# [TASK REQUIREMENTS]
Find the word "dots" in the listing; pull out each line holding it.

# [DATA SHOWN]
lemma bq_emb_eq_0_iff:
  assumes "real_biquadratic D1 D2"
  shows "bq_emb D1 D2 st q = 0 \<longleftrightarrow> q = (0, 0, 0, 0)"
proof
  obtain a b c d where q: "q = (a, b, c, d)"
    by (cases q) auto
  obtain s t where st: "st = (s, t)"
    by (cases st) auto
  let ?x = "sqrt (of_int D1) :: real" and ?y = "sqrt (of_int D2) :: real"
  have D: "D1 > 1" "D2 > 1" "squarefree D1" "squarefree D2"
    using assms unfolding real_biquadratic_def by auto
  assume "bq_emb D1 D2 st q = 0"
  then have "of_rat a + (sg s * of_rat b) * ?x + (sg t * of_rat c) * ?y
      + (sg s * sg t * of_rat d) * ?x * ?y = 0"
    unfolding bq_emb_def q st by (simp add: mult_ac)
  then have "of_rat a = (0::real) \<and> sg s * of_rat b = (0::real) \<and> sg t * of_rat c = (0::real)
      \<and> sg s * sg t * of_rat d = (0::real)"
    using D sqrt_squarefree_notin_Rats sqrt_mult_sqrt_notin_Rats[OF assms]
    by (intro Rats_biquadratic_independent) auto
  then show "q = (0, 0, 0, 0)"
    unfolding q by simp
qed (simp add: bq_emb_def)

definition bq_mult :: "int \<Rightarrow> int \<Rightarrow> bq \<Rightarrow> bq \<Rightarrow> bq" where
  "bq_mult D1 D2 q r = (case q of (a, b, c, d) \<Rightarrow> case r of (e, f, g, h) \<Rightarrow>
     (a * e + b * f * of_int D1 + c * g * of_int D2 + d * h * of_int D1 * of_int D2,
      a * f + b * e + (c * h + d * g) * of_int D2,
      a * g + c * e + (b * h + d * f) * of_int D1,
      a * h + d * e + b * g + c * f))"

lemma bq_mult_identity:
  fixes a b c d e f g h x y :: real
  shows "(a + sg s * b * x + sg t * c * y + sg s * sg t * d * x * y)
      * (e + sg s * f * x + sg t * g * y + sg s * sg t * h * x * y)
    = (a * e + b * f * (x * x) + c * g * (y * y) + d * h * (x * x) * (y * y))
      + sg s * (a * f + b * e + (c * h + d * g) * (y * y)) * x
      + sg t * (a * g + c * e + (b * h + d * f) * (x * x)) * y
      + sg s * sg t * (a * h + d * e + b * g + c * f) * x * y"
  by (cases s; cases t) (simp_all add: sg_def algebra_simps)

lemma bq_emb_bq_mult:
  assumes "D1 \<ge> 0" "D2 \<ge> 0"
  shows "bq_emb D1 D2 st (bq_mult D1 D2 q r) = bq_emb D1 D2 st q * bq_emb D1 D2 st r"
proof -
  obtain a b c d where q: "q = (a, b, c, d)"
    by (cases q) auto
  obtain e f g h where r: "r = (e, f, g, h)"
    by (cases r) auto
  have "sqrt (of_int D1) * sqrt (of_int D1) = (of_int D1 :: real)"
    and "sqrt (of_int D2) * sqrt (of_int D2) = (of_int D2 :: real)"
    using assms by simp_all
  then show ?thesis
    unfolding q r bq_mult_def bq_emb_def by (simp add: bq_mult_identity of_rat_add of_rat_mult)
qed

---

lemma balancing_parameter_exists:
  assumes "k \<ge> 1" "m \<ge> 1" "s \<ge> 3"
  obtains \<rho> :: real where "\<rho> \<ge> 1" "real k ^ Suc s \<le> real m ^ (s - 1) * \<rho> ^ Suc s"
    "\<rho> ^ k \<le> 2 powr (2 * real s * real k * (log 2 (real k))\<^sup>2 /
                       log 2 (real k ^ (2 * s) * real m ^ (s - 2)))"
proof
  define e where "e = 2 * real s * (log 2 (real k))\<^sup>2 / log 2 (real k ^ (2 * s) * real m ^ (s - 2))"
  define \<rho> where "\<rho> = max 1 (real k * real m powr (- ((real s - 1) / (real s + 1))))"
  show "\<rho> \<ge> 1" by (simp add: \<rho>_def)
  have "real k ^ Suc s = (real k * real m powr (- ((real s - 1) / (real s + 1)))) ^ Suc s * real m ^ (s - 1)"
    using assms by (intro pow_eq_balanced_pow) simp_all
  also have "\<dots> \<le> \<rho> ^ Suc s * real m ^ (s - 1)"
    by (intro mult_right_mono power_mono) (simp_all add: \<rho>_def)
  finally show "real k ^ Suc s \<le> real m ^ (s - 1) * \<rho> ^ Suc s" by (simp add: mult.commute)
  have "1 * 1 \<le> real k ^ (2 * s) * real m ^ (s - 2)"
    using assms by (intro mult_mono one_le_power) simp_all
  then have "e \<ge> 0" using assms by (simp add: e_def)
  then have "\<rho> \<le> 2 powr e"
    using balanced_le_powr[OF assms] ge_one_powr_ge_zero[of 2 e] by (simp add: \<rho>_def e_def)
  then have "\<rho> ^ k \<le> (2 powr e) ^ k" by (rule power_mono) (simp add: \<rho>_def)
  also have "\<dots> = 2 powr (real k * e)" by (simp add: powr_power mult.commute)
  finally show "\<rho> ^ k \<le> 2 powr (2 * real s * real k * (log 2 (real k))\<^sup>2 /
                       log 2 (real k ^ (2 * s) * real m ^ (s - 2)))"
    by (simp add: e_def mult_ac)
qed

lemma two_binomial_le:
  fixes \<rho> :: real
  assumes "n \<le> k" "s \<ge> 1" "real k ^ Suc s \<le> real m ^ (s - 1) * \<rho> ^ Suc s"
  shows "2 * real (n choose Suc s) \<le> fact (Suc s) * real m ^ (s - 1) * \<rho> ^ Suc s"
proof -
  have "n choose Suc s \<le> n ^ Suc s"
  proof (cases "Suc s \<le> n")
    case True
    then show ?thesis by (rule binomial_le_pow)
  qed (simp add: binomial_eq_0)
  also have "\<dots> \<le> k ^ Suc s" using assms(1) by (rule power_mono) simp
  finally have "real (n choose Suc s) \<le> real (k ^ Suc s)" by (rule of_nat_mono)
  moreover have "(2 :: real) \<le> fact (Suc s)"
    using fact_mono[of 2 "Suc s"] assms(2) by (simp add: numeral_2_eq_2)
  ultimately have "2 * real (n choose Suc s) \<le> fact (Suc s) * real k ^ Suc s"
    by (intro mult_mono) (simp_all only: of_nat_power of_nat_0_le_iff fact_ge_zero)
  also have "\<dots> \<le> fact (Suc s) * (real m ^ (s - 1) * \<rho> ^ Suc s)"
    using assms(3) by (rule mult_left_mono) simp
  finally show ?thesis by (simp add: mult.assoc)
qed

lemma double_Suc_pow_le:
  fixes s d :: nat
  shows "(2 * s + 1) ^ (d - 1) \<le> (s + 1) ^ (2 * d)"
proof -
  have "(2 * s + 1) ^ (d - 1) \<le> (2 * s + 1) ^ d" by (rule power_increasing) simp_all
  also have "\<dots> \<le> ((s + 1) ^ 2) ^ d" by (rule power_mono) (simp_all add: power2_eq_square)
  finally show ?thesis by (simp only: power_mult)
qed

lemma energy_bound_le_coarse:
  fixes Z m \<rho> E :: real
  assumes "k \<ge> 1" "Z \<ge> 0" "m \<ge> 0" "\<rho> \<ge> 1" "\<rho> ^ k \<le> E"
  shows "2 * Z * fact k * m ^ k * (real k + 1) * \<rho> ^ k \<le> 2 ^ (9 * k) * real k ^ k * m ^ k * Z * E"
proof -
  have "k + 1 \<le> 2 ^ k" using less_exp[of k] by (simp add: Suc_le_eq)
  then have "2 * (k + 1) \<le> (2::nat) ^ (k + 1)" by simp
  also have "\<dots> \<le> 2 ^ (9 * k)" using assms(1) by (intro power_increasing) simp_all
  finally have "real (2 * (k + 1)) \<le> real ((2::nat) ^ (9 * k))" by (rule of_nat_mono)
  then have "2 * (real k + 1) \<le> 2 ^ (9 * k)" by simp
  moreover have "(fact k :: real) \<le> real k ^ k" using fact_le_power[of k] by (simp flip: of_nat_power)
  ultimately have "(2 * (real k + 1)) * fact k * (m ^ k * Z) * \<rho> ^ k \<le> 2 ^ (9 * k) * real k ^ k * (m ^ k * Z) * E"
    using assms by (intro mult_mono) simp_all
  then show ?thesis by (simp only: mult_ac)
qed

# [EXPECTED OUTPUT]
  also have "\<dots> \<le> \<rho> ^ Suc s * real m ^ (s - 1)"
  also have "\<dots> = 2 powr (real k * e)" by (simp add: powr_power mult.commute)
  also have "\<dots> \<le> k ^ Suc s" using assms(1) by (rule power_mono) simp
  also have "\<dots> \<le> fact (Suc s) * (real m ^ (s - 1) * \<rho> ^ Suc s)"
  also have "\<dots> \<le> ((s + 1) ^ 2) ^ d" by (rule power_mono) (simp_all add: power2_eq_square)
  also have "\<dots> \<le> 2 ^ (9 * k)" using assms(1) by (intro power_increasing) simp_all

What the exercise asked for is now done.